Für ein Gerät dieser Größe bietet das 2.1 Lautsprechersystem eine erstaunlich niedrige maximale Lautstärke. Um ein rundes Klangbild zu bekommen, mussten wir im erweiterten Modus des VIA HD Audio Decks die lautlose Entzerrung aktivieren und weitere Einbußen in Sachen Lautstärke hinnehmen. Sound-Enthusiasten und Musikliebhaber sollten zu einer externen Lösung greifen.

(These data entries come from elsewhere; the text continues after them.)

(* Consider the discrete-time linear Gaussian state-space model on time steps $k=1,2,\ldots,T$ (where $T=N+M$, with $N$ steps carrying an observation and $M$ steps with missing observation, in any order): $$\mathbf{x}_1 \sim \mathcal{N}(\mathbf{0},\mathbf{P}_\infty),\qquad \mathbf{x}_k = \mathbf{F}_{k-1}\mathbf{x}_{k-1} + \mathbf{q}_{k-1},\ \ \mathbf{q}_{k-1}\sim\mathcal{N}(\mathbf{0},\mathbf{Q}_{k-1})\ (k\ge 2),$$ $$y_k = \mathbf{H}\mathbf{x}_k + e_k,\quad e_k\sim\mathcal{N}(0,\sigma_k^2)\quad\text{for each observed step }k,$$ where $\mathbf{x}_k\in\mathbb{R}^{n_x}$, $\mathbf{H}\in\mathbb{R}^{1\times n_x}$, $\mathbf{P}_\infty,\mathbf{Q}_{k-1}$ are symmetric positive semidefinite, $\sigma_k^2>0$, and all noises are mutually independent and independent of $\mathbf{x}_1$. For each $k$ define an element $a_k=(\mathbf{A}_k,\mathbf{b}_k,\mathbf{C}_k,\boldsymbol{\eta}_k,\mathbf{J}_k)$ as follows. - If step $k$ has no observation: for $k>1$, $\mathbf{A}_k=\mathbf{F}_{k-1}$, $\mathbf{b}_k=\mathbf{0}$, $\mathbf{C}_k=\mathbf{Q}_{k-1}$; for $k=1$, $\mathbf{A}_1=\mathbf{0}$, $\mathbf{b}_1=\mathbf{0}$, $\mathbf{C}_1=\mathbf{P}_\infty$; and in both cases $\boldsymbol{\eta}_k=\mathbf{0}$, $\mathbf{J}_k=\mathbf{0}$. - If step $k>1$ has an observation: with $S_k=\mathbf{H}\mathbf{Q}_{k-1}\mathbf{H}^\top+\sigma_k^2$ and $\mathbf{K}_k=\mathbf{Q}_{k-1}\mathbf{H}^\top S_k^{-1}$, set $\mathbf{A}_k=(\mathbf{I}-\mathbf{K}_k\mathbf{H})\mathbf{F}_{k-1}$, $\mathbf{b}_k=\mathbf{K}_k y_k$, $\mathbf{C}_k=(\mathbf{I}-\mathbf{K}_k\mathbf{H})\mathbf{Q}_{k-1}$, $\boldsymbol{\eta}_k=\mathbf{F}_{k-1}^\top\mathbf{H}^\top S_k^{-1}y_k$, $\mathbf{J}_k=\mathbf{F}_{k-1}^\top\mathbf{H}^\top S_k^{-1}\mathbf{H}\mathbf{F}_{k-1}$. - If step $k=1$ has an observation: with $S_1=\mathbf{H}\mathbf{P}_\infty\mathbf{H}^\top+\sigma_1^2$ and $\mathbf{K}_1=\mathbf{P}_\infty\mathbf{H}^\top S_1^{-1}$, set $\mathbf{A}_1=\mathbf{0}$, $\mathbf{b}_1=\mathbf{K}_1y_1$, $\mathbf{C}_1=\mathbf{P}_\infty-\mathbf{K}_1S_1\mathbf{K}_1^\top$, $\boldsymbol{\eta}_1=\mathbf{0}$, $\mathbf{J}_1=\mathbf{0}$. Define the binary operator $a_i\otimes a_j=(\mathbf{A}_{ij},\mathbf{b}_{ij},\mathbf{C}_{ij},\boldsymbol{\eta}_{ij},\mathbf{J}_{ij})$ by $$\mathbf{A}_{ij}=\mathbf{A}_j(\mathbf{I}+\mathbf{C}_i\mathbf{J}_j)^{-1}\mathbf{A}_i,\quad \mathbf{b}_{ij}=\mathbf{A}_j(\mathbf{I}+\mathbf{C}_i\mathbf{J}_j)^{-1}(\mathbf{b}_i+\mathbf{C}_i\boldsymbol{\eta}_j)+\mathbf{b}_j,$$ $$\mathbf{C}_{ij}=\mathbf{A}_j(\mathbf{I}+\mathbf{C}_i\mathbf{J}_j)^{-1}\mathbf{C}_i\mathbf{A}_j^\top+\mathbf{C}_j,\quad \boldsymbol{\eta}_{ij}=\mathbf{A}_i^\top(\mathbf{I}+\mathbf{J}_j\mathbf{C}_i)^{-1}(\boldsymbol{\eta}_j-\mathbf{J}_j\mathbf{b}_i)+\boldsymbol{\eta}_i,$$ $$\mathbf{J}_{ij}=\mathbf{A}_i^\top(\mathbf{I}+\mathbf{J}_j\mathbf{C}_i)^{-1}\mathbf{J}_j\mathbf{A}_i+\mathbf{J}_i,$$ and the prefix elements $a_1^*=a_1$, $a_k^*=a_{k-1}^*\otimes a_k$ for $k\ge2$, writing $a_k^*=(\mathbf{A}^*_k,\mathbf{b}^*_k,\mathbf{C}^*_k,\boldsymbol{\eta}^*_k,\mathbf{J}^*_k)$. Then for all $k=1,\ldots,N+M$, the Kalman filter mean $\overline{\mathbf{x}}_k=\mathbb{E}[\mathbf{x}_k\mid \text{observations } y_j \text{ at observed steps } j\le k]$ and covariance $\mathbf{P}_k=\mathrm{Cov}[\mathbf{x}_k\mid \text{same observations}]$ satisfy $\overline{\mathbf{x}}_k=\mathbf{b}^*_k$ and $\mathbf{P}_k=\mathbf{C}^*_k$.
   Context: This arises from a Gaussian process regression problem in state-space form: a continuous-time linear SDE $d\mathbf{x}(t)/dt=\mathbf{G}\mathbf{x}(t)+\mathbf{L}\mathbf{w}(t)$ with $f(t)=\mathbf{H}\mathbf{x}(t)$ started from its stationary covariance $\mathbf{P}_\infty$, discretized at the sorted union of training times (observed) and prediction times (treated as missing observations), giving transition matrices $\mathbf{F}_{k-1}$ and process noise covariances $\mathbf{Q}_{k-1}$. The sequential Kalman filter for this model performs, at each step, a prediction through the transition (for $k\ge2$) and a measurement update only at steps with an observation (no update at missing steps). The matrices $\mathbf{I}+\mathbf{C}_i\mathbf{J}_j$ arising in the operator are assumed invertible (they are, since the $\mathbf{C}$ and $\mathbf{J}$ components are positive semidefinite). The operator $\otimes$ is associative, so the prefix elements can be computed by a parallel scan. *)

theory Defs
  imports "HOL-Analysis.Analysis"
begin

(* Matrices are real^'n^'n, state vectors real^'n, the 1 x n_x matrix H is
   represented by the vector H :: real^'n (so H x = H \<bullet> x). *)

definition outer :: "real^('n::finite) \<Rightarrow> real^'n \<Rightarrow> real^'n^'n" where
  "outer u v = (\<chi> i j. u $ i * v $ j)"

definition psd :: "real^('n::finite)^'n \<Rightarrow> bool" where
  "psd M \<longleftrightarrow> transpose M = M \<and> (\<forall>x. 0 \<le> x \<bullet> (M *v x))"

type_synonym 'n elem = "(real^'n^'n) \<times> (real^'n) \<times> (real^'n^'n) \<times> (real^'n) \<times> (real^'n^'n)"

(* Parameters: Pinf, F, Q (F j, Q j = F_j, Q_j, used as F_(k-1), Q_(k-1)),
   H, obs (obs k: step k carries an observation), y (y k = y_k), s2 (s2 k = sigma_k^2). *)
definition elem ::
  "real^('n::finite)^'n \<Rightarrow> (nat \<Rightarrow> real^'n^'n) \<Rightarrow> (nat \<Rightarrow> real^'n^'n) \<Rightarrow> real^'n
   \<Rightarrow> (nat \<Rightarrow> bool) \<Rightarrow> (nat \<Rightarrow> real) \<Rightarrow> (nat \<Rightarrow> real) \<Rightarrow> nat \<Rightarrow> 'n elem" where
  "elem Pinf F Q H obs y s2 k =
    (if \<not> obs k then
       (if k = 1 then (0, 0, Pinf, 0, 0)
        else (F (k-1), 0, Q (k-1), 0, 0))
     else if k = 1 then
       (let S = H \<bullet> (Pinf *v H) + s2 1;
            K = (1 / S) *\<^sub>R (Pinf *v H)
        in (0, y 1 *\<^sub>R K, Pinf - S *\<^sub>R outer K K, 0, 0))
     else
       (let S = H \<bullet> (Q (k-1) *v H) + s2 k;
            K = (1 / S) *\<^sub>R (Q (k-1) *v H);
            G = transpose (F (k-1)) *v H
        in ((mat 1 - outer K H) ** F (k-1),
            y k *\<^sub>R K,
            (mat 1 - outer K H) ** Q (k-1),
            (y k / S) *\<^sub>R G,
            (1 / S) *\<^sub>R outer G G)))"

definition comb :: "('n::finite) elem \<Rightarrow> 'n elem \<Rightarrow> 'n elem" where
  "comb ai aj =
    (case ai of (Ai, bi, Ci, ei, Ji) \<Rightarrow>
     case aj of (Aj, bj, Cj, ej, Jj) \<Rightarrow>
      (let W = matrix_inv (mat 1 + Ci ** Jj);
           V = matrix_inv (mat 1 + Jj ** Ci)
       in (Aj ** W ** Ai,
           Aj *v (W *v (bi + Ci *v ej)) + bj,
           Aj ** W ** Ci ** transpose Aj + Cj,
           transpose Ai *v (V *v (ej - Jj *v bi)) + ei,
           transpose Ai ** V ** Jj ** Ai + Ji)))"

(* Prefix elements a*_1 = a_1, a*_k = a*_(k-1) \<otimes> a_k (index 0 unused). *)
fun prefix ::
  "real^('n::finite)^'n \<Rightarrow> (nat \<Rightarrow> real^'n^'n) \<Rightarrow> (nat \<Rightarrow> real^'n^'n) \<Rightarrow> real^'n
   \<Rightarrow> (nat \<Rightarrow> bool) \<Rightarrow> (nat \<Rightarrow> real) \<Rightarrow> (nat \<Rightarrow> real) \<Rightarrow> nat \<Rightarrow> 'n elem" where
  "prefix Pinf F Q H obs y s2 0 = elem Pinf F Q H obs y s2 1"
| "prefix Pinf F Q H obs y s2 (Suc 0) = elem Pinf F Q H obs y s2 1"
| "prefix Pinf F Q H obs y s2 (Suc (Suc k)) =
     comb (prefix Pinf F Q H obs y s2 (Suc k)) (elem Pinf F Q H obs y s2 (Suc (Suc k)))"

definition kf_update ::
  "real^('n::finite) \<Rightarrow> (nat \<Rightarrow> bool) \<Rightarrow> (nat \<Rightarrow> real) \<Rightarrow> (nat \<Rightarrow> real) \<Rightarrow> nat
   \<Rightarrow> (real^'n) \<times> (real^'n^'n) \<Rightarrow> (real^'n) \<times> (real^'n^'n)" where
  "kf_update H obs y s2 k mp =
    (case mp of (m, P) \<Rightarrow>
      if obs k then
        (let S = H \<bullet> (P *v H) + s2 k;
             K = (1 / S) *\<^sub>R (P *v H)
         in (m + (y k - H \<bullet> m) *\<^sub>R K, P - S *\<^sub>R outer K K))
      else (m, P))"

(* Kalman filter: kalman ... k = (filter mean xbar_k, filter covariance P_k), k \<ge> 1.
   Step 1 starts from the prior (0, Pinf); step k \<ge> 2 predicts through F_(k-1), Q_(k-1). *)
fun kalman ::
  "real^('n::finite)^'n \<Rightarrow> (nat \<Rightarrow> real^'n^'n) \<Rightarrow> (nat \<Rightarrow> real^'n^'n) \<Rightarrow> real^'n
   \<Rightarrow> (nat \<Rightarrow> bool) \<Rightarrow> (nat \<Rightarrow> real) \<Rightarrow> (nat \<Rightarrow> real) \<Rightarrow> nat \<Rightarrow> (real^'n) \<times> (real^'n^'n)" where
  "kalman Pinf F Q H obs y s2 0 = (0, Pinf)"
| "kalman Pinf F Q H obs y s2 (Suc k) =
     kf_update H obs y s2 (Suc k)
       (if k = 0 then (0, Pinf)
        else (case kalman Pinf F Q H obs y s2 k of (m, P) \<Rightarrow>
                (F k *v m, F k ** P ** transpose (F k) + Q k)))"

end

theory Submission
  imports Defs
begin

(* Every prefix element has A* = 0: A_1 = 0, and the A-component of a \<otimes> a' is a right multiple
   of the A-component of a. Hence combining a prefix (0, b, C, eta, J) with a_k ignores eta and J
   (which therefore stay 0) and involves only the filter pair (b, C) and the matrix W = (I + C J_k)^-1.
   For an unobserved step J_k = 0 and the combination is exactly the Kalman prediction. For an
   observed step J_k has rank one, so W is given by the Sherman-Morrison formula; W pushes through
   F_(k-1), and the resulting gain composes with the gain K_k of a_k into the Kalman gain of the
   predicted covariance, which turns the combination into prediction followed by the measurement
   update. Positive semidefiniteness of the filter covariances is carried along the induction to
   keep all innovation variances positive. *)

lemma outer_matrix_vector_mult [simp]: "outer u v *v x = (v \<bullet> x) *\<^sub>R u"
  by (simp add: outer_def matrix_vector_mult_def vec_eq_iff inner_vec_def sum_distrib_left mult_ac)

lemma transpose_outer: "transpose (outer u v) = outer v u"
  by (simp add: outer_def transpose_def vec_eq_iff)

lemma outer_scaleR_left: "outer (c *\<^sub>R u) v = c *\<^sub>R outer u v"
  by (simp add: outer_def vec_eq_iff)

lemma matrix_mul_outer: "A ** outer u v = outer (A *v u) v"
  by (simp add: matrix_eq matrix_vector_mul_assoc[symmetric] matrix_vector_mult_scaleR)

lemma transpose_diff: "transpose (A - B) = transpose A - transpose B"
  by (simp add: transpose_def vec_eq_iff)

lemma transpose_add: "transpose (A + B) = transpose A + transpose B"
  by (simp add: transpose_def vec_eq_iff)

lemma inner_matrix_vector_sym:
  fixes A :: "real^'n^'n"
  assumes "transpose A = A"
  shows "x \<bullet> (A *v y) = (A *v x) \<bullet> y"
  by (metis assms dot_lmul_matrix transpose_matrix_vector)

Leise, diesmal im positiven Sinne, bleibt die ausgeklügelte Kühllösung des ASUS ROG G75VW. Im Leerlauf bei einem Verbrauch von 23,2 Watt sind die zwei Lüfter mit 32 Dezibel (A) kaum wahrnehmbar. Auch unter Volllast (146 Watt) kommt die Kühlung nicht über eine Geräuschemission von 44 Dezibel (A). Im leisen Betrieb werden die Oberflächentemperaturen auf durchschnittlich 29 Grad Celsius begrenzt. Die gummierte Handballenauflage bleibt stets bei angenehmen 26 Grad Celsius. Trotz der Sparsamkeit hält der Akku mit einer Kapazität von 5.200 mAh maximal 3 Stunden abseits der Steckdose durch. Nutzt man die WLAN-Verbindung und fordert hier und da etwas Prozessorleistung ein, kann man mit knapp zwei Stunden rechnen.

Zusammenfassung

Die 17-Zoll Variante aus der Republic of Gamers Reihe von ASUS bekommt kein ganz so gutes Urteil wie der kleinere 15-Zoll Bruder. Das matte FullHD-Display bietet bedeutend weniger Helligkeit, das 2.1 Lautsprechersystem empfiehlt sich nicht gerade für Multimedia-Enthusiasten und die Mobilität ist mit zwei Stunden praktischer Akkuleistung und 4,3 kg Gewicht eingeschränkt. Zu den Stärken zählen die ergonomische, beleuchtete Chiclet-Tastatur und die Eingabegeräte im Allgemeinen. Der leise und kühle Betrieb, die stylische Optik und das Blu-ray Laufwerk finden sich ebenfalls auf der Haben-Seite ein. Zudem kann der Gaming-Bolide mit einer weitestgehend guten Verarbeitung punkten.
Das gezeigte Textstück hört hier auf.